- Education: University of Manchester; University of Manchester Institute of Science and Technology (UMIST); University of Tehran;
- Scientific career
- Fields: Mechanical Engineering; Energy Engineering;
- Institutions: Khajeh Nasir Toosi University of Technology (KNTU), Tehran, Iran; Niroo Research Institute (NRI), Tehran, Iran; Simon Fraser University, Burnaby, Canada (Visiting Professor); Politecnico di Milano, Milan, Italy (Visiting Professor);
- Website: KNTU Profile, NRI Profile

= Majid Amidpour =

Professor

Majid Amidpour (مجید عمیدپور) is a professor of Mechanical and Energy engineering at Khajeh Nasir Toosi University of Technology (KNTU). He is also the head of Niroo Research Institute (NRI), Tehran, Iran.

==Education==

Amidpour attended the University of Tehran and received his BSc degree in chemical engineering in 1988. Then he moved to the University of Manchester Institute of Science and Technology (UMIST) and obtained his MSc degree in Energy and Process Integration engineering in 1994. Finally, in 1997, he received his PhD in energy engineering at the University of Manchester, UK.

==Career==

He is a professor of Mechanical and Energy engineering at Khajeh Nasir Toosi University of Technology (KNTU), Tehran, Iran. He is also the head of the Energy Integration Laboratory at KNTU's Department of Energy Systems Engineering, Faculty of Mechanical Engineering. Amidpour, on the other hand, has participated in several nationwide energy and petroleum industries' projects as a consultant or a managing board member.

===Work experiences===

Some of his work experiences are as follows:

- Head of the Research and Innovation Center of the Ministry of Industries of Iran (2000 - 2002)
- Managing board member of the Iranian Energy Association (IEA) (2004 - 2009)
- Director of MSc joint program with Centre for Process Integration, University of Manchester, UK (2004-2009)
- Chairman of the Energy Committee of the National Iranian Oil Products Distribution Company (NIOPDC) (since 2010)
- Member of the Council for the Promotion of Energy Technologies of the Ministry of Petroleum of Iran (since 2012)
- Managing board member of the Fuel Cell Association of Iran (2012 - 2019)
- Head of the Faculty of Mechanical Engineering, Khajeh Nasir Toosi University of Technology (KNTU), Tehran, Iran (2013)
- Board of trustees at the Research Institute of Petroleum Industry (RIPI) (2015-2019)
- Director of the Energy and Environment Research Center, Niroo Research Institute (NRI) (since 2015)
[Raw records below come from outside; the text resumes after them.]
text \<open>
  Write \<open>\<ell>\<^sub>t(y) = \<langle>g\<^sub>t, y\<rangle> + \<lambda>/2 \<parallel>y - x\<^sub>t\<parallel>\<^sup>2\<close>. By strong convexity
  \<open>f\<^sub>t(x\<^sub>t) - f\<^sub>t(u) \<le> \<ell>\<^sub>t(x\<^sub>t) - \<ell>\<^sub>t(u)\<close>, and Delayed FTRL minimises \<open>\<Sum>\<^bsub>s < t\<^esub> \<ell>\<^sub>s\<close>
  with the gradients of the missing rounds \<open>m\<^sub>t\<close> dropped. Compare it with the undelayed leader
  \<open>y\<^sub>t = argmin \<Sum>\<^bsub>s < t\<^esub> \<ell>\<^sub>s\<close>. Both objectives are \<open>\<lambda>(t - 1)\<close>-strongly convex and differ by a
  linear term of norm at most \<open>G |m\<^sub>t|\<close>, so \<open>\<parallel>x\<^sub>t - y\<^sub>t\<parallel> \<le> G |m\<^sub>t| / (\<lambda>(t - 1))\<close>; consecutive
  leaders move by \<open>O(G / (\<lambda> t))\<close>, and be-the-leader absorbs the comparator. Hence
  \<open>Reg\<^sub>T \<le> G\<^sup>2/\<lambda> (4 H\<^sub>T + \<Sum>\<^sub>t |m\<^sub>t| / (t - 1))\<close>. The last sum is at most \<open>2 \<sigma>\<^sub>m\<^sub>a\<^sub>x H\<^sub>T\<close>, and,
  since \<open>|m\<^sub>t| \<le> t - 1\<close> and \<open>\<Sum>\<^sub>t |m\<^sub>t| \<le> d\<^sub>t\<^sub>o\<^sub>t\<close>, also at most \<open>2 \<surd>d\<^sub>t\<^sub>o\<^sub>t\<close>.
\<close>

section \<open>Euclidean geometry on the explicit carrier\<close>

lemma nrm_nonneg: "0 \<le> nrm n v"
  unfolding nrm_def ip_def by (simp add: sum_nonneg)
(* Let $W$ be a positive word. Let $S$ be a word in the letters $\sigma_1,\dots,\sigma_{n-1}$ only, of maximal length among such words for which $W\doteq ST$ for some positive word $T$. Suppose also that $W\doteq AV$ where $A$ is a word in the letters $\sigma_1,\dots,\sigma_{n-1}$ only and $V$ is a positive word. Then $S$ is left divisible by $A$, i.e. $S\doteq AU$ for some positive word $U$. Analogously for right division: if $S$ is a word in the $\sigma_i$ of maximal length with $W\doteq TS$ for some positive $T$, and $W\doteq VA$ with $A$ a word in the $\sigma_i$ and $V$ positive, then $S\doteq UA$ for some positive word $U$.
   Context: Fix $n\ge 2$. The positive singular braid monoid $SB_n^+$ is the monoid with generators $\sigma_1,\dots,\sigma_{n-1},x_1,\dots,x_{n-1}$ and relations: $\sigma_i\sigma_j=\sigma_j\sigma_i$ and $x_ix_j=x_jx_i$ if $|i-j|>1$; $x_i\sigma_j=\sigma_jx_i$ if $|i-j|\ne 1$; $\sigma_i\sigma_{i+1}\sigma_i=\sigma_{i+1}\sigma_i\sigma_{i+1}$; $\sigma_i\sigma_{i+1}x_i=x_{i+1}\sigma_i\sigma_{i+1}$; $\sigma_{i+1}\sigma_ix_{i+1}=x_i\sigma_{i+1}\sigma_i$. A positive word is a word in the letters $\sigma_i,x_i$. For positive words, $A\doteq B$ means they represent the same element of $SB_n^+$. *)

theory Defs
  imports Main
begin

text \<open>Letters of the positive singular braid monoid: Sig i is sigma_i, X i is x_i
  (indices 1..n-1). Positive words are lists of letters.\<close>

datatype letter = Sig nat | X nat

type_synonym word = "letter list"

fun idx :: "letter \<Rightarrow> nat" where
  "idx (Sig i) = i" | "idx (X i) = i"

fun is_sig :: "letter \<Rightarrow> bool" where
  "is_sig (Sig i) = True" | "is_sig (X i) = False"

definition pos_word :: "nat \<Rightarrow> word \<Rightarrow> bool" where
  "pos_word n w \<longleftrightarrow> (\<forall>a\<in>set w. 1 \<le> idx a \<and> idx a \<le> n - 1)"

definition sigma_word :: "nat \<Rightarrow> word \<Rightarrow> bool" where
  "sigma_word n w \<longleftrightarrow> pos_word n w \<and> (\<forall>a\<in>set w. is_sig a)"

definition in_rng :: "nat \<Rightarrow> nat \<Rightarrow> bool" where
  "in_rng n i \<longleftrightarrow> 1 \<le> i \<and> i \<le> n - 1"

inductive sb_rel :: "nat \<Rightarrow> word \<Rightarrow> word \<Rightarrow> bool" for n where
  ss: "\<lbrakk>in_rng n i; in_rng n j; i + 1 < j \<or> j + 1 < i\<rbrakk> \<Longrightarrow> sb_rel n [Sig i, Sig j] [Sig j, Sig i]"
| xx: "\<lbrakk>in_rng n i; in_rng n j; i + 1 < j \<or> j + 1 < i\<rbrakk> \<Longrightarrow> sb_rel n [X i, X j] [X j, X i]"
| xs: "\<lbrakk>in_rng n i; in_rng n j; i \<noteq> j + 1; j \<noteq> i + 1\<rbrakk> \<Longrightarrow> sb_rel n [X i, Sig j] [Sig j, X i]"
| braid: "\<lbrakk>in_rng n i; in_rng n (i+1)\<rbrakk> \<Longrightarrow> sb_rel n [Sig i, Sig (i+1), Sig i] [Sig (i+1), Sig i, Sig (i+1)]"
| mix1: "\<lbrakk>in_rng n i; in_rng n (i+1)\<rbrakk> \<Longrightarrow> sb_rel n [Sig i, Sig (i+1), X i] [X (i+1), Sig i, Sig (i+1)]"
| mix2: "\<lbrakk>in_rng n i; in_rng n (i+1)\<rbrakk> \<Longrightarrow> sb_rel n [Sig (i+1), Sig i, X (i+1)] [X i, Sig (i+1), Sig i]"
===Scientific affiliations===

As a professor, he has affiliated to some research universities and institutions:

- Department of Energy Systems Engineering, Faculty of Mechanical Engineering, Khajeh Nasir Toosi University of Technology (KNTU), Tehran, Iran (since 2001)
- Department of Energy Engineering, Sharif University of Technology, Tehran, Iran (Invited Professor) (2009 - 2010)
- Faculty of New Sciences and Technologies, University of Tehran, Tehran, Iran (Adjunct Professor) (2011 - 2012)
- Energy and Environment Research Center, Niroo Research Institute (NRI), Tehran, Iran (since 2015)
- Dipartimento di Energia, Politecnico di Milano, Milano, Lombardia, Italy (Visiting Professor) (2017 - 2018)
- School of Mechatronic Systems Engineering, Simon Fraser University, Burnaby, British Columbia, Canada (Visiting Professor) (2018)

==Research==

Amidpour and his research team are working on different aspects of the Energy and Water Integration Systems through using Cogeneration approaches including systems that are utilizing renewable energies. They are also investigating the energy systems' integration with environmental issues (carbon emission trading), agriculture productions (water, energy, and food nexus), and energy materials (clean technologies). They have profited from various analysing methods (e.g. pinch technology, exergy analysis, and constructal theory) to achieve their goals to modify the energy and water consumption patterns in Oil and Gas Industries.

Majid Amidpour has published more than 370 national and international conference and journal articles; his book "Cogeneration and Polygeneration Systems", which was published by Elsevier Science & Technology, adopts exergetic and thermoeconomic analysis and related modeling and simulation tools to inform performance and systems design in modern cogeneration plants. Because of his scientific efforts, his name has been listed among the world's top 1% scientists by Essential Science Indicators (ESI).